WHAT YOU WILL DO:
Please output the data below exactly as given, starting at its first line and stopping after the line that contains "at most (1/2n)".

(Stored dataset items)
————————
(* $\lim_{n\to\infty}h(n)=1/\pi$.
   Context: A standardized Laplacian matrix of order $n$ is a real $n\times n$ matrix whose row sums are all $0$ and whose off-diagonal entries are nonpositive with absolute value at most $1/n$. For $n\ge2$, $h(n)$ is the supremum of $\operatorname{Im}\lambda$ over all eigenvalues $\lambda$ of all standardized Laplacian matrices of order $n$. *)

theory Defs
  imports Complex_Main "Jordan_Normal_Form.Char_Poly"
begin

definition standardized_laplacian :: "nat \<Rightarrow> real mat \<Rightarrow> bool" where
  "standardized_laplacian n A \<longleftrightarrow>
     A \<in> carrier_mat n n \<and>
     (\<forall>i<n. (\<Sum>j<n. A $$ (i, j)) = 0) \<and>
     (\<forall>i<n. \<forall>j<n. i \<noteq> j \<longrightarrow> A $$ (i, j) \<le> 0 \<and> \<bar>A $$ (i, j)\<bar> \<le> 1 / real n)"

definition h :: "nat \<Rightarrow> real" where
  "h n = Sup {Im k | k A. standardized_laplacian n A \<and> eigenvalue (map_mat complex_of_real A) k}"

end

theory Submission
  imports Defs "HOL-Analysis.Analysis" "HOL-Real_Asymp.Real_Asymp"
begin

(*
  We show  cot(pi/n)/n <= h n <= 1/pi  for n >= 3; the theorem then follows by sandwiching,
  since cot(pi/n)/n -> 1/pi.

  If A v = k v with A a standardized Laplacian, then
    Im k * |v|^2 = sum_{i,j} A_ij Im(conj v_i v_j),
  and since A_ij lies in [-1/n, 0] off the diagonal and Im(conj v_i v_j) is antisymmetric, this is
  at most (1/2n) sum_{i,j} |Im(conj v_i v_j)|.  The heart
  of the proof is the inequality
    sum_{i,j} |Im(conj z_i z_j)| <= (2/pi) (sum_i |z_i|)^2,
  i.e. sum w_i w_j |sin(x_i - x_j)| <= (2/pi) W^2 for weights w_i >= 0 of total mass W.  Writing
    |sin t| = 1 - 2 int_0^{pi/2} max 0 (a - pidist t) (sin a / 2) da,
  it suffices to bound, for each width a, the weighted pairwise overlaps of arcs of length a on the
  circle R/(pi Z) from below by a^2 W^2/pi.  This holds up to an error O(1/K): unroll the circle K
  times onto a line, where the bound is an L^2 estimate for the coverage function of the intervals.
  Cauchy-Schwarz then gives Im k * |v|^2 <= (1/2n) (2/pi) n |v|^2.

  The circulant matrix with first row  (k/n, -1/n, ..., -1/n, 0, ..., 0),
  k = (n-1) div 2, is a standardized Laplacian; a Fourier vector is an eigenvector, and its
  eigenvalue has imaginary part  (1/n) sum_{m=1..k} sin(2 pi m/n) >= cot(pi/n)/n.
*)

text \<open>Vectors are indexed with the matrix library's \<open>$\<close>, not that of \<open>real^'n\<close>.\<close>
unbundle no vec_syntax

section \<open>An overlap estimate on the line\<close>

lemma indicator_Icc_overlap:
  fixes p q a t :: real
  shows "indicator {p - a..p} t * indicator {q - a..q} t
       = (indicator {max (p - a) (q - a)..min p q} t :: real)"
  by (auto simp: indicator_def)

lemma integrable_indicator_Icc: "integrable lborel (indicator {u..v} :: real \<Rightarrow> real)"
  by (auto simp: emeasure_lborel_Icc_eq)

lemma overlap_integrable:
  "integrable lborel (\<lambda>t::real. indicator {p - a..p} t * indicator {q - a..q} t :: real)"
  unfolding indicator_Icc_overlap by (rule integrable_indicator_Icc)

lemma overlap_integral:
  assumes "0 \<le> a"
  shows "integral\<^sup>L lborel (\<lambda>t::real. indicator {p - a..p} t * indicator {q - a..q} t :: real)
       = max 0 (a - \<bar>p - q\<bar>)"
  using assms unfolding indicator_Icc_overlap by (auto simp: max_def min_def)

text \<open>For points \<open>y s \<in> [L0, L1]\<close> with weights \<open>w s\<close> let
  \<open>N = \<Sum>s. w s * indicator {y s - a..y s}\<close> be the weighted coverage function.  Then \<open>\<integral>N\<^sup>2\<close>
  is the weighted sum of pairwise overlaps, while \<open>N\<^sup>2 \<ge> 2cN - c\<^sup>2\<close> on the support
  \<open>[L0 - a, L1]\<close> of \<open>N\<close>; integration gives the bound for every constant \<open>c\<close>.\<close>
lemma line_overlap_energy:
  fixes w y :: "'s \<Rightarrow> real"
  assumes S: "finite S" and y: "\<And>s. s \<in> S \<Longrightarrow> L0 \<le> y s \<and> y s \<le> L1"
    and a: "0 \<le> a" and L: "L0 \<le> L1"
  shows "2 * c * a * (\<Sum>s\<in>S. w s) - c\<^sup>2 * (L1 - L0 + a)
       \<le> (\<Sum>s\<in>S. \<Sum>s'\<in>S. w s * w s' * max 0 (a - \<bar>y s - y s'\<bar>))"
proof -
  define N where "N t = (\<Sum>s\<in>S. w s * indicator {y s - a..y s} t)" for t :: real
  define S0 where "S0 = {L0 - a..L1}"
  have N_sq: "N t * N t = (\<Sum>s\<in>S. \<Sum>s'\<in>S. w s * w s' *
                (indicator {y s - a..y s} t * indicator {y s' - a..y s'} t))" for t
    unfolding N_def by (simp add: sum_distrib_left sum_distrib_right mult_ac)
  have int_N: "integrable lborel N"
    unfolding N_def by (auto intro!: integrable_indicator_Icc)
  have int_N_sq: "integrable lborel (\<lambda>t. N t * N t)"
    unfolding N_sq by (simp add: integrable_sum overlap_integrable)
  have int_S0: "integrable lborel (indicator S0 :: real \<Rightarrow> real)"
    unfolding S0_def by (rule integrable_indicator_Icc)
  have energy: "integral\<^sup>L lborel (\<lambda>t. N t * N t)
              = (\<Sum>s\<in>S. \<Sum>s'\<in>S. w s * w s' * max 0 (a - \<bar>y s - y s'\<bar>))"
    unfolding N_sq
    by (simp add: integral_sum integrable_sum overlap_integrable
                  overlap_integral[OF a])
  have mass: "integral\<^sup>L lborel N = a * (\<Sum>s\<in>S. w s)"
    unfolding N_def using a
    by (simp add: integral_sum integrable_indicator_Icc
                  sum_distrib_left mult_ac)
  have support: "integral\<^sup>L lborel (indicator S0 :: real \<Rightarrow> real) = L1 - L0 + a"
    using a L by (simp add: S0_def)
  have N_vanishes: "N t = 0" if "t \<notin> S0" for t
  proof -
    have "indicator {y s - a..y s} t = (0::real)" if "s \<in> S" for s
      using y[OF that] \<open>t \<notin> S0\<close> unfolding S0_def by (auto simp: indicator_def)
    then show ?thesis unfolding N_def by simp
  qed
  have pointwise: "2 * c * N t - c\<^sup>2 * indicator S0 t \<le> N t * N t" for t
  proof (cases "t \<in> S0")
    case True
    have "0 \<le> (N t - c)\<^sup>2" by simp
    then show ?thesis using True by (simp add: power2_eq_square algebra_simps)
  qed (simp add: N_vanishes)
  have "integral\<^sup>L lborel (\<lambda>t. 2 * c * N t - c\<^sup>2 * indicator S0 t)
      \<le> integral\<^sup>L lborel (\<lambda>t. N t * N t)"
    by (rule integral_mono) (use int_N int_S0 int_N_sq pointwise in auto)
  then show ?thesis
    using int_N int_S0 mass support energy by (simp add: mult_ac)
qed

section \<open>Overlaps of arcs on the circle \<open>\<real>/\<pi>\<int>\<close>\<close>

text \<open>For \<open>\<bar>t\<bar> < \<pi>\<close>, the distance from \<open>t\<close> to the nearest multiple of \<open>\<pi>\<close>.\<close>
definition pidist :: "real \<Rightarrow> real" where
  "pidist t = min \<bar>t\<bar> (pi - \<bar>t\<bar>)"

lemma pidist_le_translate:
  fixes m :: int
  assumes "\<bar>t\<bar> < pi"
  shows "pidist t \<le> \<bar>t + m * pi\<bar>"
proof (cases "m = 0")
  case False
  then have "pi \<le> \<bar>m * pi\<bar>" by (simp add: abs_mult)
  then show ?thesis by (simp add: pidist_def)
qed (simp add: pidist_def)

lemma pidist_bounds: "\<bar>t\<bar> < pi \<Longrightarrow> 0 \<le> pidist t \<and> pidist t \<le> pi / 2"
  unfolding pidist_def by (auto simp: min_def)

lemma sin_pidist:
  assumes "\<bar>t\<bar> < pi"
  shows "sin (pidist t) = \<bar>sin t\<bar>"
proof -
  have "sin \<bar>t\<bar> = \<bar>sin t\<bar>"
  proof (cases "t \<ge> 0")
    case True
    then show ?thesis using assms sin_ge_zero[of t] by simp
  next
    case False
    then show ?thesis using assms sin_ge_zero[of "- t"] by simp
  qed
  then show ?thesis unfolding pidist_def by (simp add: min_def)
qed

text \<open>A ramp of width \<open>a \<le> \<pi>/2\<close> is positive on at most one of the translates \<open>D + m\<pi>\<close>, and
  there its value is bounded by the value at the nearest translate.\<close>
lemma translates_ramp_sum_le:
  assumes D: "\<bar>D\<bar> < pi" and a: "0 \<le> a" "a \<le> pi / 2"
  shows "(\<Sum>l<K. max 0 (a - \<bar>D + (real k - real l) * pi\<bar>)) \<le> max 0 (a - pidist D)"
proof -
  define g where "g l = max 0 (a - \<bar>D + (real k - real l) * pi\<bar>)" for l :: nat
  define P where "P = {l \<in> {..<K}. g l \<noteq> 0}"
  have g_le: "g l \<le> max 0 (a - pidist D)" for l
    using pidist_le_translate[OF D, of "int k - int l"] by (simp add: g_def)
  have P_unique: "l1 = l2" if "l1 \<in> P" "l2 \<in> P" for l1 l2
  proof -
    have "\<bar>D + (real k - real l1) * pi\<bar> < pi / 2" "\<bar>D + (real k - real l2) * pi\<bar> < pi / 2"
      using that a by (auto simp: P_def g_def max_def split: if_splits)
    moreover have "\<bar>(real l1 - real l2) * pi\<bar>
        \<le> \<bar>D + (real k - real l2) * pi\<bar> + \<bar>D + (real k - real l1) * pi\<bar>"
    proof -
      have "(real l1 - real l2) * pi = (D + (real k - real l2) * pi) - (D + (real k - real l1) * pi)"
        by (simp add: algebra_simps)
      then show ?thesis by (simp only: abs_triangle_ineq4)
    qed
    ultimately have "\<bar>(real l1 - real l2) * pi\<bar> < pi" by linarith
    then have "\<bar>real l1 - real l2\<bar> < 1" by (simp add: abs_mult)
    then show ?thesis by linarith
  qed
  have "(\<Sum>l<K. g l) = (\<Sum>l\<in>P. g l)"
    by (rule sum.mono_neutral_right) (auto simp: P_def)
  also have "\<dots> \<le> max 0 (a - pidist D)"
  proof (cases "P = {}")
    case False
    then obtain l0 where "l0 \<in> P" by auto
    then have "P = {l0}" using P_unique by auto
    then show ?thesis using g_le by simp
  qed simp
  finally show ?thesis by (simp add: g_def)
qed

text \<open>Unrolling the circle \<open>K\<close> times onto the line: lifting each point \<open>x i \<in> [0, \<pi>)\<close> to
  \<open>x i + k\<pi>\<close> for \<open>k < K\<close> yields at most \<open>K\<close> times the overlaps measured on the circle.\<close>
lemma unrolled_overlaps_le:
  fixes w x :: "'i \<Rightarrow> real"
  assumes w: "\<And>i. i \<in> I \<Longrightarrow> 0 \<le> w i" and x: "\<And>i. i \<in> I \<Longrightarrow> 0 \<le> x i \<and> x i < pi"
    and a: "0 \<le> a" "a \<le> pi / 2"
  shows "(\<Sum>i\<in>I. \<Sum>k<K. \<Sum>j\<in>I. \<Sum>l<K.
            w i * w j * max 0 (a - \<bar>(x i + real k * pi) - (x j + real l * pi)\<bar>))
       \<le> real K * (\<Sum>i\<in>I. \<Sum>j\<in>I. w i * w j * max 0 (a - pidist (x i - x j)))"
proof -
  have lift_le: "(\<Sum>j\<in>I. \<Sum>l<K. w i * w j * max 0 (a - \<bar>(x i + real k * pi) - (x j + real l * pi)\<bar>))
      \<le> (\<Sum>j\<in>I. w i * w j * max 0 (a - pidist (x i - x j)))" (is "?lifted i k \<le> ?circle i")
    if i: "i \<in> I" for i k
  proof (rule sum_mono)
    fix j assume j: "j \<in> I"
    have "\<bar>x i - x j\<bar> < pi" using x[OF i] x[OF j] by linarith
    from translates_ramp_sum_le[OF this a, where K = K and k = k]
    have "(\<Sum>l<K. max 0 (a - \<bar>(x i + real k * pi) - (x j + real l * pi)\<bar>))
        \<le> max 0 (a - pidist (x i - x j))"
      by (simp add: algebra_simps)
    then show "(\<Sum>l<K. w i * w j * max 0 (a - \<bar>(x i + real k * pi) - (x j + real l * pi)\<bar>))
        \<le> w i * w j * max 0 (a - pidist (x i - x j))"
      using w[OF i] w[OF j] by (simp add: sum_distrib_left[symmetric] mult_left_mono)
  qed
  have "(\<Sum>i\<in>I. \<Sum>k<K. ?lifted i k) \<le> (\<Sum>i\<in>I. \<Sum>k<K. ?circle i)"
    by (rule sum_mono, rule sum_mono, rule lift_le)
  then show ?thesis
    by (simp add: sum_distrib_left)
qed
————————
RESULT FOR THIS EXERCISE:
(* $\lim_{n\to\infty}h(n)=1/\pi$.
   Context: A standardized Laplacian matrix of order $n$ is a real $n\times n$ matrix whose row sums are all $0$ and whose off-diagonal entries are nonpositive with absolute value at most $1/n$. For $n\ge2$, $h(n)$ is the supremum of $\operatorname{Im}\lambda$ over all eigenvalues $\lambda$ of all standardized Laplacian matrices of order $n$. *)

theory Defs
  imports Complex_Main "Jordan_Normal_Form.Char_Poly"
begin

definition standardized_laplacian :: "nat \<Rightarrow> real mat \<Rightarrow> bool" where
  "standardized_laplacian n A \<longleftrightarrow>
     A \<in> carrier_mat n n \<and>
     (\<forall>i<n. (\<Sum>j<n. A $$ (i, j)) = 0) \<and>
     (\<forall>i<n. \<forall>j<n. i \<noteq> j \<longrightarrow> A $$ (i, j) \<le> 0 \<and> \<bar>A $$ (i, j)\<bar> \<le> 1 / real n)"

definition h :: "nat \<Rightarrow> real" where
  "h n = Sup {Im k | k A. standardized_laplacian n A \<and> eigenvalue (map_mat complex_of_real A) k}"

end

theory Submission
  imports Defs "HOL-Analysis.Analysis" "HOL-Real_Asymp.Real_Asymp"
begin

(*
  We show  cot(pi/n)/n <= h n <= 1/pi  for n >= 3; the theorem then follows by sandwiching,
  since cot(pi/n)/n -> 1/pi.

  If A v = k v with A a standardized Laplacian, then
    Im k * |v|^2 = sum_{i,j} A_ij Im(conj v_i v_j),
  and since A_ij lies in [-1/n, 0] off the diagonal and Im(conj v_i v_j) is antisymmetric, this is
  at most (1/2n) sum_{i,j} |Im(conj v_i v_j)|.  The heart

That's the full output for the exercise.